Dì, la verità, a nessuno fa piacere che i propri organi riproduttivi diventino una discarica microscopica di rifiuti plastici, giusto?
Eppure in un’epoca in cui l’inquinamento plastico raggiunge ogni angolo del pianeta, una nuova frontiera di contaminazione è stata recentemente identificata: l’apparato riproduttivo maschile (eh già, proprio lì dove stai pensando).
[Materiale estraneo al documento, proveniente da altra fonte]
lemma played_if_consistent_tho:
  assumes "consistent X k tho"
  shows "played X k = opt ` {th \<in> Th. consistent X k th}"
proof -
  have "conf_set L mu Th X (Suc k) (hist X k) = opt ` {th \<in> Th. consistent X k th}"
    unfolding conf_set_def consistent_def radius_def by simp
  moreover have "tho \<in> {th \<in> Th. consistent X k th}"
    using assms tho_in_Th by simp
  ultimately show ?thesis
    unfolding played_def Let_def by auto
qed

lemma astar_played: "consistent X k tho \<Longrightarrow> astar \<in> played X k"
  using played_if_consistent_tho tho_in_Th by auto

lemma consistent_means_close:
  assumes "consistent X k tho" "consistent X k th" "j \<in> A"
  shows "\<bar>mu j th - mu j tho\<bar> \<le> 2 * radius X k j"
  using assms unfolding consistent_def by fastforce

lemma undersampled_if_close:
  assumes "j \<in> A" "0 < d" "d \<le> 2 * radius X k j"
  shows "undersampled X k j d"
  unfolding undersampled_def
  by (rule le_of_gap_le_two_radii[OF assms(2) assms(3)[unfolded radius_def]])
    (use pulls_hist_pos[OF assms(1)] in auto)

(* The 1 only keeps the minimum defined when there is no such parameter. *)
definition sep :: real where
  "sep = Min (insert 1 ((\<lambda>th. \<bar>mu astar th - mu astar tho\<bar>) `
           {th \<in> Th. opt th \<noteq> astar \<and> th \<notin> B_set L mu Th tho}))"

lemma sep_pos: "0 < sep"
  unfolding sep_def using finite_Th by (subst Min_gr_iff) (auto simp: B_set_def)

lemma sep_le:
  assumes "th \<in> Th" "opt th \<noteq> astar" "th \<notin> B_set L mu Th tho"
  shows "sep \<le> \<bar>mu astar th - mu astar tho\<bar>"
  unfolding sep_def using assms finite_Th by (intro Min_le) auto

lemma C_subset: "C_set L mu Th tho \<subseteq> A"
  unfolding C_set_def opt_set_def B_set_def by auto

lemma finite_C: "finite (C_set L mu Th tho)"
  using finite_subset[OF C_subset finite_opt_set] .

lemma beta_pos_le:
  assumes "th \<in> B_set L mu Th tho"
  shows "0 < \<beta> (opt th)" and "\<beta> (opt th) \<le> \<bar>mu (opt th) tho - mu (opt th) th\<bar>"
proof -
  define S where "S = {th' \<in> B_set L mu Th tho. opt th' = opt th}"
  have "finite S"
    unfolding S_def B_set_def using finite_Th by simp
  have "th \<in> S"
    unfolding S_def using assms by simp
  have \<beta>_eq: "\<beta> (opt th) = Min ((\<lambda>th'. \<bar>mu (opt th) tho - mu (opt th) th'\<bar>) ` S)"
    unfolding beta_def S_def by simp
  show "\<beta> (opt th) \<le> \<bar>mu (opt th) tho - mu (opt th) th\<bar>"
    unfolding \<beta>_eq using \<open>finite S\<close> \<open>th \<in> S\<close> by (intro Min_le) auto
  (* On a parameter of B the arms opt th and astar swap their order while astar keeps its mean. *)
  have "mu (opt th) tho \<noteq> mu (opt th) th'" if "th' \<in> S" for th'
  proof -
    have th': "th' \<in> Th" "opt th' = opt th" "opt th \<noteq> astar" "mu astar tho = mu astar th'"
      using that unfolding S_def B_set_def by auto
    have "mu astar th' < mu (opt th) th'"
      using opt_arm_strict_max[OF th'(1), of astar] opt_arm_in_arms[OF tho_in_Th] th' by auto
    moreover have "mu (opt th) tho < mu astar tho"
      using opt_arm_strict_max[OF tho_in_Th, of "opt th"] opt_arm_in_arms[OF th'(1)] th' by auto
    ultimately show ?thesis using th'(4) by linarith
  qed
  then show "0 < \<beta> (opt th)"
    unfolding \<beta>_eq using \<open>finite S\<close> \<open>th \<in> S\<close> by (subst Min_gr_iff) auto
qed

definition C_regret :: "nat \<Rightarrow> real" where
  "C_regret T = 12 * ln (real T) * (\<Sum>i\<in>C_set L mu Th tho. \<Delta> i / (\<beta> i)\<^sup>2)"

lemma C_regret_nonneg: "1 \<le> T \<Longrightarrow> 0 \<le> C_regret T"
  unfolding C_regret_def using C_subset
  by (intro mult_nonneg_nonneg sum_nonneg divide_nonneg_nonneg) (auto intro: gap_nonneg)

lemma played_arm_undersampled_in_C:
  assumes tho: "consistent X k tho" and "\<not> undersampled X k astar sep"
    and i: "i \<in> played X k" "i \<noteq> astar"
  shows "i \<in> C_set L mu Th tho \<and> undersampled X k i (\<beta> i)"
proof -
  obtain th where th: "th \<in> Th" "consistent X k th" "i = opt th"
    using i(1) played_if_consistent_tho[OF tho] by auto
  have close: "\<bar>mu j tho - mu j th\<bar> \<le> 2 * radius X k j" if "j \<in> A" for j
    using consistent_means_close[OF tho th(2) that] by (simp add: abs_minus_commute)
  have "th \<in> B_set L mu Th tho"
  proof (rule ccontr)
    assume "th \<notin> B_set L mu Th tho"
    then have "sep \<le> \<bar>mu astar th - mu astar tho\<bar>"
      using sep_le th(1,3) i(2) by simp
    then have "undersampled X k astar sep"
      using undersampled_if_close[OF astar_in_opt_set sep_pos] close[OF astar_in_opt_set]
      by (simp add: abs_minus_commute)
    with assms(2) show False ..
  qed
  moreover have "i \<in> A"
    using i(1) played_subset by auto
  ultimately show ?thesis
    using undersampled_if_close[OF _ beta_pos_le(1)] beta_pos_le(2) close th(3)
    unfolding C_set_def by force
qed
Mentre numerosi studi hanno documentato la presenza di microplastiche (MPs) in vari ecosistemi e prodotti di consumo quotidiano, la loro infiltrazione nei tessuti genitali maschili rappresenta un territorio inesplorato della ricerca scientifica con potenziali implicazioni significative per la salute riproduttiva e sessuale.
Il problema delle microplastiche: un’invasione silenziosa
Le microplastiche, frammenti di dimensioni inferiori a 5 mm, hanno colonizzato silenziosamente il nostro ambiente e, purtroppo, anche il nostro corpo.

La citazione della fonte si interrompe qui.